05 outubro 2006

UM PROBLEMA FILOSÓFICO

Se calhar, será culpa minha – e também de um muito medíocre professor de filosofia que tive no Colégio Militar – a dificuldade com que as minhas apreciações aos princípios doutrinais teóricos apresentados por José Pacheco Pereira (que até é licenciado em filosofia) correspondam depois às apreciações que faço aos exemplos a que recorre para expor a sua teoria. Vejamos este seu texto, desdobrado em duas partes, doutrinal e exemplificativa, que publicou no seu blogue:

O grau de proselitismo político na nossa comunicação social está tão embrenhado, é tão denso e tão habitual, a começar pela questão "americano-bushista-israelo-palestiniana-iraquiana", que já é difícil imaginar como seriam as "notícias" sem ele. Seriam certamente mais notícias.
Exemplos: silêncios sobre o que se passa e é necessário fazer no Darfur, resultado de não se querer integrar o noticiário sudanês no contexto dos conflitos de origem islâmica; indiferença perante atentados como o de Mombai, também descontextualizado; conflitos húngaros entre o primeiro-ministro e a "extrema-direita", forma de diminuir a reacção contra um governante socialista; omissão do conteúdo do documento dos serviços secretos americanos publicado para mostrar como eram de má fé as fugas parcelares realizadas, etc., etc. Fecho rápido de assuntos, de tudo o que contraria as teses dominantes, ao mesmo tempo que se estica até ao limite tudo o que as reforça. É intencional? Muitas vezes nem sequer isso é. É como quem respira. Sempre o mesmo ar.

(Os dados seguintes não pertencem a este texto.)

lemma char_poly_joined_union_mat:
  assumes "simple_graph d E" "k \<ge> 1" "\<And>i. i < d \<Longrightarrow> regular_graph k r (Gs i)"
    and cp: "char_poly (map_mat complex_of_real (adj_mat d E)) = (\<Prod>l\<leftarrow>ls. [:- complex_of_real l, 1:])"
  shows "char_poly (map_mat complex_of_real (joined_union_mat d E k Gs))
    = (\<Prod>l\<leftarrow>ls. [:- complex_of_real (k * l + r), 1:])
      * (\<Prod>i<d. char_poly (deflated_mat k (\<lambda>a b. complex_of_real (adj_mat k (Gs i) $$ (a, b)))))"
proof -
  let ?A = "map_mat complex_of_real (adj_mat d E)"
  have rows: "(\<Sum>b<k. complex_of_real (adj_mat k (Gs i) $$ (a, b))) = of_nat r" if "i < d" "a < k" for i a
    using regular_graph_adj_mat_row_sum[OF assms(3)[OF that(1)] that(2)] by (simp flip: of_real_sum)
  \<comment> \<open>The quotient matrix of the partition into the blocks \<open>G\<^sub>i\<close> is \<open>r I + k A\<^sub>G\<close>.\<close>
  have "mat d d (\<lambda>(i, j). if i = j then of_nat r else of_nat k * complex_of_real (adj_mat d E $$ (i, j)))
      = of_nat k \<cdot>\<^sub>m ?A + of_nat r \<cdot>\<^sub>m 1\<^sub>m d"
    using assms(1) by (intro eq_matI) (auto simp: simple_graph_def adj_mat_def)
  moreover have "char_poly (of_nat k \<cdot>\<^sub>m ?A + of_nat r \<cdot>\<^sub>m 1\<^sub>m d)
      = (\<Prod>a\<leftarrow>map complex_of_real ls. [:- (of_nat k * a + of_nat r), 1:])"
    using cp by (intro char_poly_smult_add_scalar) (simp_all add: comp_def)
  ultimately show ?thesis
    unfolding of_real_joined_union_mat using char_poly_block_partition_mat[OF assms(2) rows]
    by (simp add: comp_def)
qed

lemma mat_energy_joined_union_mat:
  assumes "simple_graph d E" "k \<ge> 1" "\<And>i. i < d \<Longrightarrow> regular_graph k r (Gs i)"
    and cp: "char_poly (map_mat complex_of_real (adj_mat d E)) = (\<Prod>l\<leftarrow>ls. [:- complex_of_real l, 1:])"
  shows "mat_energy (joined_union_mat d E k Gs) + d * r
    = (\<Sum>l\<leftarrow>ls. \<bar>k * l + r\<bar>) + (\<Sum>i<d. graph_energy k (Gs i))"
proof -
  define C where "C i = char_poly (deflated_mat k (\<lambda>a b. complex_of_real (adj_mat k (Gs i) $$ (a, b))))"
    for i
  have C: "C i \<noteq> 0" for i
    unfolding C_def by (rule char_poly_nonzero[of _ "k - 1"]) (simp add: deflated_mat_def)
  have "char_poly (map_mat complex_of_real (joined_union_mat d E k Gs))
      = (\<Prod>l\<leftarrow>ls. [:- complex_of_real (k * l + r), 1:]) * (\<Prod>i<d. C i)"
    unfolding C_def by (rule char_poly_joined_union_mat[where Gs = Gs, OF assms])
  moreover have "(\<Prod>l\<leftarrow>ls. [:- complex_of_real (k * l + r), 1:]) \<noteq> 0" "(\<Prod>i<d. C i) \<noteq> 0"
    using C by (auto simp: prod_list_zero_iff)
  ultimately have "mat_energy (joined_union_mat d E k Gs)
      = (\<Sum>l\<leftarrow>ls. \<bar>k * l + r\<bar>) + (\<Sum>i<d. proots_cmod_sum (C i))"
    using C by (simp add: mat_energy_eq_proots_cmod_sum proots_cmod_sum_mult proots_cmod_sum_prod
        proots_cmod_sum_prod_linear_factors del: of_real_add of_real_mult)
  moreover have "graph_energy k (Gs i) = r + proots_cmod_sum (C i)" if "i < d" for i
    unfolding graph_energy_def mat_energy_eq_proots_cmod_sum
      char_poly_regular_graph_adj_mat[OF assms(3)[OF that] assms(2)] C_def[symmetric]
    using C by (simp add: proots_cmod_sum_mult del: mult_pCons_left) (simp add: proots_cmod_sum_def)
  ultimately show ?thesis
    by (simp add: sum.distrib)
qed

theorem mainTheorem10:
  fixes d k r :: nat and E :: "nat \<Rightarrow> nat \<Rightarrow> bool"
    and Gs :: "nat \<Rightarrow> nat \<Rightarrow> nat \<Rightarrow> bool"
  assumes "simple_graph d E"
    and "graph_energy d E \<ge> 2 * (real d - 1)"
    and "k \<ge> 1"
    and "\<And>i. i < d \<Longrightarrow> regular_graph k r (Gs i)"
  shows "mat_energy (joined_union_mat d E k Gs)
           \<ge> graph_energy d E + (\<Sum>i<d. graph_energy k (Gs i))"
proof -
  obtain ls where cp: "char_poly (map_mat complex_of_real (adj_mat d E)) = (\<Prod>l\<leftarrow>ls. [:- complex_of_real l, 1:])"
    and "length ls = d" "sum_list ls = 0"
    using adj_mat_spectrum[OF assms(1)] .
  have energy: "graph_energy d E = (\<Sum>l\<leftarrow>ls. \<bar>l\<bar>)"
    unfolding graph_energy_def mat_energy_eq_proots_cmod_sum cp proots_cmod_sum_prod_linear_factors
    by simp
  have "(\<Sum>l\<leftarrow>ls. \<bar>l\<bar>) + d * r \<le> (\<Sum>l\<leftarrow>ls. \<bar>k * l + r\<bar>)"
  proof (cases "d = 0")
    case False
    then have "r < k"
      using regular_graph_degree_less[OF assms(4)] assms(3) by auto
    then have "real r \<le> real k - 1"
      by linarith
    then show ?thesis
      using sum_list_abs_affine_ge_hyperenergetic[where ls = ls and k = "real k" and r = "real r"]
        \<open>sum_list ls = 0\<close> assms(2) energy \<open>length ls = d\<close> by simp
  qed (use \<open>length ls = d\<close> in simp)
  with mat_energy_joined_union_mat[where Gs = Gs, OF assms(1,3,4) cp] energy show ?thesis
    by simp
qed

end
(* Let $\alpha>-1$, $0\le\gamma<2+\alpha$, $\beta\in\{0,1/3\}$, and let $\sigma$ be a weight on $\mathcal H$. Let $1<p<\frac{2+\alpha}{\gamma}$ (with $\frac{2+\alpha}{\gamma}=\infty$ if $\gamma=0$) and let $q$ satisfy $\frac1p-\frac1q=\frac{\gamma}{2+\alpha}$. Then there is a constant $C=C(p,\alpha,\gamma)$ such that for all $f$, $$\left(\int_{\mathcal H}\big(\mathcal M^{d,\beta}_{\sigma,\alpha,\gamma}f\big)^q\sigma\,dV_\alpha\right)^{1/q}\le C\left(\int_{\mathcal H}|f|^p\sigma\,dV_\alpha\right)^{1/p}.$$
   Context: $\mathcal H=\{x+iy:x\in\mathbb R,\ y>0\}$; for $\alpha>-1$, $dV_\alpha(x+iy)=y^\alpha dx\,dy$. A weight is a nonnegative locally integrable function; $|E|_{\sigma,\alpha}=\int_E\sigma dV_\alpha$. For an interval $I$, $Q_I=\{x+iy:x\in I,0<y<|I|\}$. For $\beta\in\{0,1/3\}$, $\mathcal D^\beta=\{2^j([0,1)+m+(-1)^j\beta): m,j\in\mathbb Z\}$. $\mathcal M^{d,\beta}_{\sigma,\alpha,\gamma}f(z)=\sup_{I\in\mathcal D^\beta,\ z\in Q_I}|Q_I|_{\sigma,\alpha}^{-(1-\frac{\gamma}{2+\alpha})}\int_{Q_I}|f|\sigma\,dV_\alpha$. *)

theory Defs
  imports "HOL-Analysis.Analysis"
begin

definition UHP :: "complex set" where
  "UHP = {z. 0 < Im z}"

text \<open>Real powers on extended nonnegative reals (used only with positive exponents).\<close>
definition epowr :: "ennreal \<Rightarrow> real \<Rightarrow> ennreal" where
  "epowr x a = (if x = \<infinity> then \<infinity> else ennreal (enn2real x powr a))"
lemma eta_resolvent_gap:
  assumes c: "0 \<le> c" "c < 1"
  shows "\<eta> \<bullet> base.resolvent c (p1 - p0) = gap_series c"
proof -
  have s: "summable (\<lambda>j. c ^ j * (K ^\<^sub>m j *\<^sub>v (p1 - p0)) $ k)" if "k < N" for k
    by (rule base.summable_resolvent[OF c gap_carrier that])
  have "\<eta> \<bullet> base.resolvent c (p1 - p0) = (\<Sum>k<N. \<eta> $ k * (\<Sum>j. c ^ j * (K ^\<^sub>m j *\<^sub>v (p1 - p0)) $ k))"
    unfolding scalar_prod_lessThan[OF base.resolvent_carrier] by (simp add: base.resolvent_def)
  also have "\<dots> = (\<Sum>k<N. \<Sum>j. \<eta> $ k * (c ^ j * (K ^\<^sub>m j *\<^sub>v (p1 - p0)) $ k))"
    using s by (simp add: suminf_mult)
  also have "\<dots> = (\<Sum>j. \<Sum>k<N. \<eta> $ k * (c ^ j * (K ^\<^sub>m j *\<^sub>v (p1 - p0)) $ k))"
    using s by (intro suminf_sum[symmetric] summable_mult) simp
  also have "\<dots> = gap_series c"
    unfolding gap_series_def
  proof (rule suminf_cong)
    fix j
    show "(\<Sum>k<N. \<eta> $ k * (c ^ j * (K ^\<^sub>m j *\<^sub>v (p1 - p0)) $ k)) = gap_moment j * c ^ j"
      unfolding gap_moment_def scalar_prod_lessThan[OF base.pow_mult_vec_carrier[OF gap_carrier, of j]]
      by (simp add: sum_distrib_left mult_ac)
  qed
  finally show ?thesis .
qed

lemma mu_gap_pos: "0 < \<mu> \<bullet> (p1 - p0)"
  using mu_p1 scalar_prod_minus_distrib[OF base.m_carrier p1_dim p0_dim] by simp

(* A solution of the Poisson equation is r(q, K) for q = (p1 - p0 - \<mu>\<cdot>(p1 - p0) + 1)/2, the vector
   with \<mu>\<cdot>q = 1/2 and 2q - 1 = p1 - p0 - \<mu>\<cdot>(p1 - p0). *)
lemma poisson_gap:
  obtains g where "g \<in> carrier_vec N" "\<And>i. i < N \<Longrightarrow> g $ i - (K *\<^sub>v g) $ i = (p1 - p0) $ i - \<mu> \<bullet> (p1 - p0)"
proof -
  define a where "a = \<mu> \<bullet> (p1 - p0)"
  define q where "q = vec N (\<lambda>i. ((p1 - p0) $ i - a + 1) / 2)"
  have q: "q \<in> carrier_vec N" unfolding q_def by simp
  have "\<mu> \<bullet> q = (\<Sum>i<N. \<mu> $ i * q $ i)" by (rule scalar_prod_lessThan[OF q])
  also have "\<dots> = (\<Sum>i<N. (\<mu> $ i * (p1 - p0) $ i - a * \<mu> $ i + \<mu> $ i) / 2)"
    by (rule sum.cong) (simp_all add: q_def field_simps)
  also have "\<dots> = ((\<Sum>i<N. \<mu> $ i * (p1 - p0) $ i) - a * (\<Sum>i<N. \<mu> $ i) + (\<Sum>i<N. \<mu> $ i)) / 2"
    by (simp add: sum.distrib sum_subtractf sum_distrib_left flip: sum_divide_distrib)
  also have "\<dots> = 1/2"
    using base.m_sum scalar_prod_lessThan[OF gap_carrier, of \<mu>] unfolding a_def by simp
  finally have "\<mu> \<bullet> q = 1/2" .
  then interpret Kq: r_vec_setting N K \<mu> q by (rule r_vec_setting_K[OF q])
  show ?thesis
  proof (rule that[of "r_vec q K"])
    show "r_vec q K \<in> carrier_vec N" by (rule Kq.r_vec_carrier)
    show "r_vec q K $ i - (K *\<^sub>v r_vec q K) $ i = (p1 - p0) $ i - \<mu> \<bullet> (p1 - p0)" if i: "i < N" for i
    proof -
      have "r_vec q K $ i - (K *\<^sub>v r_vec q K) $ i = 2 * q $ i - 1"
        using Kq.r_vec_solves i unfolding Kq.r_system_def by simp
      also have "\<dots> = (p1 - p0) $ i - \<mu> \<bullet> (p1 - p0)" using i unfolding q_def a_def by (simp add: diff_divide_distrib add_divide_distrib)
      finally show ?thesis .
    qed
  qed
qed

lemma resolvent_gap_lower:
  obtains G where "\<And>c i. 0 \<le> c \<Longrightarrow> c < 1 \<Longrightarrow> i < N \<Longrightarrow>
    \<mu> \<bullet> (p1 - p0) / (1 - c) - G \<le> base.resolvent c (p1 - p0) $ i"
proof -
  obtain g where g: "g \<in> carrier_vec N"
    and poisson: "\<And>i. i < N \<Longrightarrow> g $ i - (K *\<^sub>v g) $ i = (p1 - p0) $ i - \<mu> \<bullet> (p1 - p0)"
    using poisson_gap by blast
  define G where "G = (\<Sum>k<N. \<bar>g $ k\<bar>)"
  have g_le: "\<bar>g $ k\<bar> \<le> G" if "k < N" for k unfolding G_def by (rule member_le_sum) (use that in auto)
  have Kg_le: "\<bar>(K *\<^sub>v g) $ i\<bar> \<le> G" if "i < N" for i by (rule base.mult_vec_abs_le[OF g g_le that])
  have "\<mu> \<bullet> (p1 - p0) / (1 - c) - 2 * G \<le> base.resolvent c (p1 - p0) $ i"
    if c: "0 \<le> c" "c < 1" and i: "i < N" for c i
  proof -
    define T where "T = base.resolvent c (p1 - p0)"
    have T: "T \<in> carrier_vec N" unfolding T_def by simp
    have Z: "T - g \<in> carrier_vec N" using T g by simp
    have "\<mu> \<bullet> (p1 - p0) - (1 - c) * G \<le> (T - g) $ k - c * (K *\<^sub>v (T - g)) $ k" if k: "k < N" for k
    proof -
      have "(T - g) $ k - c * (K *\<^sub>v (T - g)) $ k
          = (T $ k - c * (K *\<^sub>v T) $ k) - (g $ k - (K *\<^sub>v g) $ k) - (1 - c) * (K *\<^sub>v g) $ k"
        unfolding base.mult_vec_diff[OF T g k] using T g k by (simp add: algebra_simps)
      also have "\<dots> = \<mu> \<bullet> (p1 - p0) - (1 - c) * (K *\<^sub>v g) $ k"
        using base.resolvent_eq[OF c gap_carrier k] poisson[OF k] unfolding T_def by simp
      moreover have "(1 - c) * (K *\<^sub>v g) $ k \<le> (1 - c) * G"
        using Kg_le[OF k] c by (intro mult_left_mono) auto
      ultimately show ?thesis by linarith
    qed
    from base.resolvent_min_principle[OF Z c this i]
    have "(\<mu> \<bullet> (p1 - p0) - (1 - c) * G) / (1 - c) \<le> T $ i - g $ i" using T g i by simp
    moreover have "(\<mu> \<bullet> (p1 - p0) - (1 - c) * G) / (1 - c) = \<mu> \<bullet> (p1 - p0) / (1 - c) - G"
      using c by (simp add: field_simps)
    ultimately show ?thesis using g_le[OF i] unfolding T_def by linarith
  qed
  thus ?thesis by (rule that)
qed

É que, se por um lado e na minha modesta opinião, lhe assiste razão na forma como descreve o enviesamento que as notícias internacionais muitas vezes contêm, com o que eu não estarei de acordo é em atribuí-lo, nem exclusiva, nem predominantemente, a causas internas, porque, comparando com as mesmas notícias quando publicadas em órgãos noticiosos estrangeiros, têm uma orientação muito semelhante, dando a entender que, muitas vezes, é já o noticiário das fontes que já assim vem preparado e que é mesmo assim – por inércia – que é transposto para os noticiários nacionais.

Só que, nos exemplos que depois aponta, José Pacheco Pereira não se pode esquecer que não é um cidadão qualquer, daqueles que quando pretende ser escutado pela comunicação social escreve uma carta ao director do jornal ou ao provedor do ouvinte esperando o seu bom acolhimento. E os exemplos que invoca podem cair-lhe em cima…

Exemplo? A propósito do desinteresse manifestado pelos atentados de Bombaim que menciona e, que me recorde, em todo o programa Prós e Contras da RTP, a propósito do terrorismo, onde José Pacheco Pereira participou com Mário Soares, ninguém os mencionou. Mas este ninguém inclui o próprio Pacheco Pereira! Mesmo que isso não tenha acontecido – não assisti a todo o programa... – a referência a eles terá sido negligenciável quando comparada com a dos outros atentados de Nova Iorque, de Madrid e de Londres…

Ora se, como conclui no seu próprio texto, a distorção já paira no ar, eu não quereria cometer a indelicadeza, mas teria de acusar todos os intervenientes no programa – incluindo o próprio José Pacheco Pereira – de, seguindo precisamente a sua ideia, já estarem todos irremediavelmente contagiados… Ou a lucidez só lhe regressa em casa, quando se senta para escrever no teclado?